> [Prompt]
Copy each line below in which the string "lemma" appears.

◆ ◆ ◆ ◆

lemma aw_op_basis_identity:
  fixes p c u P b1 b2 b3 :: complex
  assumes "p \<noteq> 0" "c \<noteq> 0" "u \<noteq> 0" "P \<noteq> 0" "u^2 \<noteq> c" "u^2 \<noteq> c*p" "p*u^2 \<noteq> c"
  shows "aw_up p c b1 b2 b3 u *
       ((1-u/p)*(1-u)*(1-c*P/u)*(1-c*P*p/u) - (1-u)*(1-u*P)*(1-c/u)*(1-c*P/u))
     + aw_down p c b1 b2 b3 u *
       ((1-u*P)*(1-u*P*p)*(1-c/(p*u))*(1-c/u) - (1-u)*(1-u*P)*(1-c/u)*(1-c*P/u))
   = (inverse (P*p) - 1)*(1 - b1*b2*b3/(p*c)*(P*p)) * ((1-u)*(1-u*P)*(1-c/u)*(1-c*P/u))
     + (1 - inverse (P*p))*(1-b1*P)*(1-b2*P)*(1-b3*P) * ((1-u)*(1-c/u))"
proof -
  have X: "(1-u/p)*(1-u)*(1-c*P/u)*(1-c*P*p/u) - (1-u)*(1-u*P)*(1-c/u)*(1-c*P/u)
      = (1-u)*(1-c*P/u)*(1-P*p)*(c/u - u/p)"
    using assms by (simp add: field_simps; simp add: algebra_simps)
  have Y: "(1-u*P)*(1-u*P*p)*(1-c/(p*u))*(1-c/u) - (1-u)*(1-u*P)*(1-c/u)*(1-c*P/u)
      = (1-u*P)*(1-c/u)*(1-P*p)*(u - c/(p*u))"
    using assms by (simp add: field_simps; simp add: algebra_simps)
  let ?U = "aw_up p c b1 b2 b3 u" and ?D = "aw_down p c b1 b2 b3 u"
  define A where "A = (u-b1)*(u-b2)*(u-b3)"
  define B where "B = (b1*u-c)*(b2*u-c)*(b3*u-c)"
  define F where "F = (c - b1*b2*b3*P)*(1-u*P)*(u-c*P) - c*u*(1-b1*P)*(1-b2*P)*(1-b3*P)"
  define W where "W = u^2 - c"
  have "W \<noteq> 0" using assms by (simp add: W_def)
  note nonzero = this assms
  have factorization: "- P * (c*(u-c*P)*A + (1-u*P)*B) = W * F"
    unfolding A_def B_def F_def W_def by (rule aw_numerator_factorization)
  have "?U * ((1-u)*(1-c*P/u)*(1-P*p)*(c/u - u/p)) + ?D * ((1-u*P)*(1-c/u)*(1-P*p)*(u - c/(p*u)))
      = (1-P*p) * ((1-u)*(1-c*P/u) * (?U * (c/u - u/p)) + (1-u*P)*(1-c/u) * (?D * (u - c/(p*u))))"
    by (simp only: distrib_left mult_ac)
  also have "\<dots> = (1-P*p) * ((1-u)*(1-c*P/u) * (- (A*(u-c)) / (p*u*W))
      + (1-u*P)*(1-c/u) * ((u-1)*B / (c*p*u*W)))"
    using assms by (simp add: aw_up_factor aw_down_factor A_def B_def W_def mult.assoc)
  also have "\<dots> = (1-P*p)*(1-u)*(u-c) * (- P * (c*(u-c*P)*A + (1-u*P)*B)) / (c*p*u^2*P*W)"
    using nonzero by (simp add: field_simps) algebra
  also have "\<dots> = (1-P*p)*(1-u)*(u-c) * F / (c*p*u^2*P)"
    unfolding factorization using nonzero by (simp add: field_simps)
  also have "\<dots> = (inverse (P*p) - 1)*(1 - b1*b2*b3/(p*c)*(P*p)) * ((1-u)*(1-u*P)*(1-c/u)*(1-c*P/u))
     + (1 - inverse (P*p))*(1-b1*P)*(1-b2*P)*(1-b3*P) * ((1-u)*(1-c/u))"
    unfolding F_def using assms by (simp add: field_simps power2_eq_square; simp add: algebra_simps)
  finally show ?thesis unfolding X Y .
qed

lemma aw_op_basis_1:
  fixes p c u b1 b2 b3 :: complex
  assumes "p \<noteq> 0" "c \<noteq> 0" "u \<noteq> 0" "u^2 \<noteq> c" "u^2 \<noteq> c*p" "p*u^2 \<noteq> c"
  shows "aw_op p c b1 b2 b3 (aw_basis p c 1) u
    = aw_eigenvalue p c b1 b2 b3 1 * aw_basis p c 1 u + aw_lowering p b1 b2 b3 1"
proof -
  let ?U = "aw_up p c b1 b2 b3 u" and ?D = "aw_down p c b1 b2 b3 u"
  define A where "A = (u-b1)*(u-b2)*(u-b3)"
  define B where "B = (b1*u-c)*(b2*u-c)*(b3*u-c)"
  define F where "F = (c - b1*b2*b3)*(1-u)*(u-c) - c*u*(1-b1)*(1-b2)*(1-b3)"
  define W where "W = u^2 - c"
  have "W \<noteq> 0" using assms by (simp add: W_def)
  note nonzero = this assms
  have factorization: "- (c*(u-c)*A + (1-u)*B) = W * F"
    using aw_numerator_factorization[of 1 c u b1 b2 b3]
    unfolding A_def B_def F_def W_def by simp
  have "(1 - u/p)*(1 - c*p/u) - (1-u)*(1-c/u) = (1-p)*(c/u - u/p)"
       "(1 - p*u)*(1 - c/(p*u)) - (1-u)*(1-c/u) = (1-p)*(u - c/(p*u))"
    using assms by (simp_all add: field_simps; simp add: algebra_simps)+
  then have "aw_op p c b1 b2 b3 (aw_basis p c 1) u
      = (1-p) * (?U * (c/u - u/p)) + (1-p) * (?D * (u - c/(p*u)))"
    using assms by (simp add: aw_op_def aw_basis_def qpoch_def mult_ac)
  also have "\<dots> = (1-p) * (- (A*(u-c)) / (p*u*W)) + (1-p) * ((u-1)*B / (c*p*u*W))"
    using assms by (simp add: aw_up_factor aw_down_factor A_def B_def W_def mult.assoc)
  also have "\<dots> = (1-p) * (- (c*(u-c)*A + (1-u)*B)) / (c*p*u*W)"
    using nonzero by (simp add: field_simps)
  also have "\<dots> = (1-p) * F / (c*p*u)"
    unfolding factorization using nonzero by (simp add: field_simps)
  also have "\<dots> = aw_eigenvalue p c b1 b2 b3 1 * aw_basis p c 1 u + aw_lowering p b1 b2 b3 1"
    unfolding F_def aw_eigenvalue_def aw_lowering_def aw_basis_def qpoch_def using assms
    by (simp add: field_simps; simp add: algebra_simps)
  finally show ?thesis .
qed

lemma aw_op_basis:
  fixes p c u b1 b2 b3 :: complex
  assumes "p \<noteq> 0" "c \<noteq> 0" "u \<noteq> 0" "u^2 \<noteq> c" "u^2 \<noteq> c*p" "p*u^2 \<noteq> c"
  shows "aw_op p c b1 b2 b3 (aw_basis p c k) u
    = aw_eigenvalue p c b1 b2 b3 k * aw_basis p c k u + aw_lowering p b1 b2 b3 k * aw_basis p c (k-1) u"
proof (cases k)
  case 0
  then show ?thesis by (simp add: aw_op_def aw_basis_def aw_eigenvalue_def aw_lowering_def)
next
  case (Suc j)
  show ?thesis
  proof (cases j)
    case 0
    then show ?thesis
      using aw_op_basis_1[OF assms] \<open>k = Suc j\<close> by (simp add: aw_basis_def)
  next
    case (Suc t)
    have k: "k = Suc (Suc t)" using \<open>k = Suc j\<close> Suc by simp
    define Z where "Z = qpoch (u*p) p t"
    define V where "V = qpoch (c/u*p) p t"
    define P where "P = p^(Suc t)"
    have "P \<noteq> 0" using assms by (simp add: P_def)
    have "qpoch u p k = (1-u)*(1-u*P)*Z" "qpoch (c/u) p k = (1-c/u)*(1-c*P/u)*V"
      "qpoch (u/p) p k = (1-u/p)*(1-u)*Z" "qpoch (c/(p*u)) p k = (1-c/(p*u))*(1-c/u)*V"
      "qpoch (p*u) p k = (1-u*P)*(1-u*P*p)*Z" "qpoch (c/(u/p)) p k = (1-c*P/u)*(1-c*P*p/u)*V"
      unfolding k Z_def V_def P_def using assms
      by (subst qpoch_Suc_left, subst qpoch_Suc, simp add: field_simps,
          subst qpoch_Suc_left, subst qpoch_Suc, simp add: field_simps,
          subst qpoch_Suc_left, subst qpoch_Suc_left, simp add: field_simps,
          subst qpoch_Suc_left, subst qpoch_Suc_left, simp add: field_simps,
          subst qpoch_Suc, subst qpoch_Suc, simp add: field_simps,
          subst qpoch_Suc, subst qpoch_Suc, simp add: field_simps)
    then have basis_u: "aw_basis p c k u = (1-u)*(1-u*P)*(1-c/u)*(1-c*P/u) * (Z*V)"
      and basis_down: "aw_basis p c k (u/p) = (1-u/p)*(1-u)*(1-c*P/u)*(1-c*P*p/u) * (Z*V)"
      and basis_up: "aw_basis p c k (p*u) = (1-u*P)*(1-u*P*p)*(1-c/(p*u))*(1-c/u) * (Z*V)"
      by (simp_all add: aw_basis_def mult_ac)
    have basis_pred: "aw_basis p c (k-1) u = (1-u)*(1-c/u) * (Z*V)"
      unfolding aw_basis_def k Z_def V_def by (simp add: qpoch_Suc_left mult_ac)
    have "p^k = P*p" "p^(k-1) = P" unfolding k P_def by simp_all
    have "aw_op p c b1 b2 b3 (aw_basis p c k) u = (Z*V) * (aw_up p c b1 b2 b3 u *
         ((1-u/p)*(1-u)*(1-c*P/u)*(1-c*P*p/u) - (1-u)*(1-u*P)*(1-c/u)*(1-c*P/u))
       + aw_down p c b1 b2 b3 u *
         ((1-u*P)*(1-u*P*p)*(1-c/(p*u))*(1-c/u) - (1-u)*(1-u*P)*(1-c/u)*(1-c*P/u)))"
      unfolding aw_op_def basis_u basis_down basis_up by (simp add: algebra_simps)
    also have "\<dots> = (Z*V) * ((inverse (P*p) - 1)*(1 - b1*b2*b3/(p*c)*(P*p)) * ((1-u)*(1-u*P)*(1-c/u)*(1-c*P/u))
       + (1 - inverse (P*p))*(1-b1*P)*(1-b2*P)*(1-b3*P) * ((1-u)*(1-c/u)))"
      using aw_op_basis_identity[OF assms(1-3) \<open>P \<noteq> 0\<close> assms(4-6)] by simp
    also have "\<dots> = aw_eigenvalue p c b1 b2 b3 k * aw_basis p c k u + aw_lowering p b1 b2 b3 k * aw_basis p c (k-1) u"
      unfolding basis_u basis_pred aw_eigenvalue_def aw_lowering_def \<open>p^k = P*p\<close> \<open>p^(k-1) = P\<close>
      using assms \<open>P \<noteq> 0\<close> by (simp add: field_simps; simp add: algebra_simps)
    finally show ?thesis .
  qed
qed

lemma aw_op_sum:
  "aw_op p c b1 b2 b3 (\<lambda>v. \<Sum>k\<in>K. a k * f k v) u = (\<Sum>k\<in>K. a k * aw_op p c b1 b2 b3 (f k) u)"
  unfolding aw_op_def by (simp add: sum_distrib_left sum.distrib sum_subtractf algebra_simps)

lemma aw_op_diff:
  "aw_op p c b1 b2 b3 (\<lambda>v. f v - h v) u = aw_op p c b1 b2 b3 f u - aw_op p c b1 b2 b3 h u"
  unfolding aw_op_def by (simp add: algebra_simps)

◆ ◆ ◆ ◆

> [Answer below]
lemma aw_op_basis_identity:
lemma aw_op_basis_1:
lemma aw_op_basis:
lemma aw_op_sum:
lemma aw_op_diff:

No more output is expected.